Titanium Metals Corporation (TIMET) filed a petition on Aug. 24 with the Commerce Department and the International Trade Commission requesting new antidumping and countervailing duties on titanium sponge from Kazakhstan, and new antidumping duties on titanium sponge from Japan. Commerce will now decide whether to begin AD/CVD investigations on titanium sponge that could eventually result in the assessment of AD/CV duties.
A coalition of domestic manufacturers filed a petition on Aug. 16 with the Commerce Department and the International Trade Commission requesting new antidumping and countervailing duties on stainless steel flanges from China and India. Commerce will now decide whether to begin AD/CVD investigations on stainless steel flanges that could eventually result in the assessment of AD/CV duties. The coalition that requested the duties, known as the Coalition of American Flange Producers, includes as individual members Maass Flange Corporation and Core Pipe Products.
House and Senate lawmakers introduced companion legislation that would eliminate tariffs on 69 recreational outerwear goods. The Senate version, introduced Aug. 2 by Sen. Roy Blunt, R-Mo., includes language that would impose, for 10 years, a 1.5 percent fee upon the imports’ entry, or withdrawal from warehouse for consumption, payable to the Treasury. That fee wouldn’t apply to imports of recreational performance outerwear from any U.S. free trade agreement partner, Caribbean Basin Trade Partnership Act beneficiary country, or African Growth and Opportunity Act beneficiary country. House Ways and Means Trade Subcommittee Chairman Dave Reichert, R-Wash., introduced the House version of the legislation on Aug. 4.
The International Trade Commission on July 1 posted revisions to the Harmonized Tariff Schedule (here). The new HTS implements the results of the U.S. Trade Representative's 2016-17 review of the Generalized System of Preferences (GSP), adding several "travel goods" to the program for all GSP beneficiaries. The ITC is also implementing the second round of tariff cuts under the expanded World Trade Organization Information Technology Agreement, adding new tariff numbers for a variety of products, including cuts of beef, and removing outdated classification provisions for jadeite and rubies. All changes take effect July 1, unless otherwise specified.

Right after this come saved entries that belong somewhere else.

(* Suppose $h(t)-g(t)>0$ for $t\in[\alpha,\beta]$, and that $$q(\vartheta)>\frac{g(\vartheta)-h(\vartheta)}2\quad\text{and}\quad r(\vartheta)<\frac{h(\vartheta)-g(\vartheta)}2\qquad\text{for all }\vartheta\in\Theta.$$ Then $\Phi$ is strictly decreasing on $(\alpha,\vartheta_0]$ and strictly increasing on $[\vartheta_0,\beta)$, so $\vartheta_0$ is its unique point of minimum on $\Theta$, and the pseudo-MLE $\hat\vartheta_\varepsilon$ is consistent: $\hat\vartheta_\varepsilon\to\vartheta_0$ in probability as $\varepsilon\to0$.
   Context: Fix $T>0$, $0<\alpha<\beta<T$, $\Theta=(\alpha,\beta)$, true value $\vartheta_0\in\Theta$, and continuous bounded functions $h,g,q,r$ on $[0,T]$. The observed process is $X_t=\int_0^tS(\vartheta_0,s)ds+\varepsilon W_t$, $0\le t\le T$, with $W$ a standard Wiener process and $S(\vartheta_0,t)=[h(t)+q(t)]\mathbf 1_{\{t<\vartheta_0\}}+[g(t)+r(t)]\mathbf 1_{\{t\ge\vartheta_0\}}$ ($q,r$ unknown to the statistician). The statistician uses the model ${\rm d}X_t=M(\vartheta,t){\rm d}t+\varepsilon{\rm d}W_t$ with $M(\vartheta,t)=h(t)\mathbf 1_{\{t<\vartheta\}}+g(t)\mathbf 1_{\{t\ge\vartheta\}}$, pseudo-likelihood $V(\vartheta,X^T)=\exp\{\varepsilon^{-2}\int_0^TM(\vartheta,t){\rm d}X_t-\frac1{2\varepsilon^2}\int_0^TM(\vartheta,t)^2{\rm d}t\}$, and pseudo-MLE $\hat\vartheta_\varepsilon$ a (measurable) maximizer of $V(\cdot,X^T)$ over $[\alpha,\beta]$. $\Phi(\vartheta)=\int_0^T[M(\vartheta,t)-S(\vartheta_0,t)]^2{\rm d}t$. *)

theory Defs
  imports "HOL-Probability.Probability"
begin

definition wiener_process :: "'a measure \<Rightarrow> real \<Rightarrow> (real \<Rightarrow> 'a \<Rightarrow> real) \<Rightarrow> bool" where
  "wiener_process P T W \<longleftrightarrow>
     prob_space P \<and>
     (\<forall>t\<in>{0..T}. W t \<in> borel_measurable P) \<and>
     (\<forall>\<omega>\<in>space P. W 0 \<omega> = 0) \<and>
     (\<forall>\<omega>\<in>space P. continuous_on {0..T} (\<lambda>t. W t \<omega>)) \<and>
     (\<forall>s t. 0 \<le> s \<and> s < t \<and> t \<le> T \<longrightarrow>
        distributed P lborel (\<lambda>\<omega>. W t \<omega> - W s \<omega>)
          (\<lambda>x. ennreal (normal_density 0 (sqrt (t - s)) x))) \<and>
     (\<forall>(ts :: nat \<Rightarrow> real) n. 0 \<le> ts 0 \<and> ts n \<le> T \<and> (\<forall>i<n. ts i < ts (Suc i)) \<longrightarrow>
        prob_space.indep_vars P (\<lambda>_. borel) (\<lambda>i \<omega>. W (ts (Suc i)) \<omega> - W (ts i) \<omega>) {..<n})"

definition wiener_integral ::
  "'a measure \<Rightarrow> real \<Rightarrow> (real \<Rightarrow> 'a \<Rightarrow> real) \<Rightarrow> (real \<Rightarrow> real) \<Rightarrow> ('a \<Rightarrow> real) \<Rightarrow> bool" where
  "wiener_integral P T W f Y \<longleftrightarrow>
     Y \<in> borel_measurable P \<and>
     (\<forall>e>0. ((\<lambda>n::nat. measure P {\<omega>\<in>space P.
          e < \<bar>(\<Sum>k<n. f (real k * T / real n) *
                 (W (real (Suc k) * T / real n) \<omega> - W (real k * T / real n) \<omega>)) - Y \<omega>\<bar>})
        \<longlonglongrightarrow> 0))"

definition Mtrend :: "(real \<Rightarrow> real) \<Rightarrow> (real \<Rightarrow> real) \<Rightarrow> real \<Rightarrow> real \<Rightarrow> real" where
  "Mtrend h g th t = (if t < th then h t else g t)"

definition Strend :: "(real \<Rightarrow> real) \<Rightarrow> (real \<Rightarrow> real) \<Rightarrow> (real \<Rightarrow> real) \<Rightarrow> (real \<Rightarrow> real)
    \<Rightarrow> real \<Rightarrow> real \<Rightarrow> real" where
  "Strend h g q r th0 t = (if t < th0 then h t + q t else g t + r t)"

definition Phi :: "real \<Rightarrow> (real \<Rightarrow> real) \<Rightarrow> (real \<Rightarrow> real) \<Rightarrow> (real \<Rightarrow> real) \<Rightarrow> (real \<Rightarrow> real)
    \<Rightarrow> real \<Rightarrow> real \<Rightarrow> real" where
  "Phi T h g q r th0 th =
     integral {0..T} (\<lambda>t. (Mtrend h g th t - Strend h g q r th0 t)\<^sup>2)"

The Office of the U.S. Trade Representative is authorizing tariff benefits for travel goods in Harmonized Tariff Schedule (HTS) subheading 4202 under the Generalized System of Preferences, USTR said (see 1706290053). “According to the information provided in the course of USTR’s review, making travel goods GSP-eligible for all GSP beneficiaries is expected to be neutral with respect to overall U.S. import levels, and therefore also to the U.S. trade balance, though this action may shift some of the overseas production of these products from non-GSP countries to GSP countries,” USTR said in a statement. The White House also released a presidential proclamation on GSP and other duty-free treatment (here).
Rep. Adrian Smith, R-Neb., introduced a bill on May 25 that would qualify footwear classified in over 20 Harmonized Tariff Schedule (HTS) subheadings in Chapter 64 for Generalized System of Preferences (GSP) treatment for the first time in the program’s more than 40-year history. The legislation, H.R. 2735, would also require the executive branch to conduct six annual studies of the state of the U.S. footwear industry, focusing on yearly changes to categories of domestic footwear. The bill would require the International Trade Commission to inform that report by examining current production of "like or directly competitive articles" and to identify any articles for which domestic production is likely to occur within the next year at a commercial level.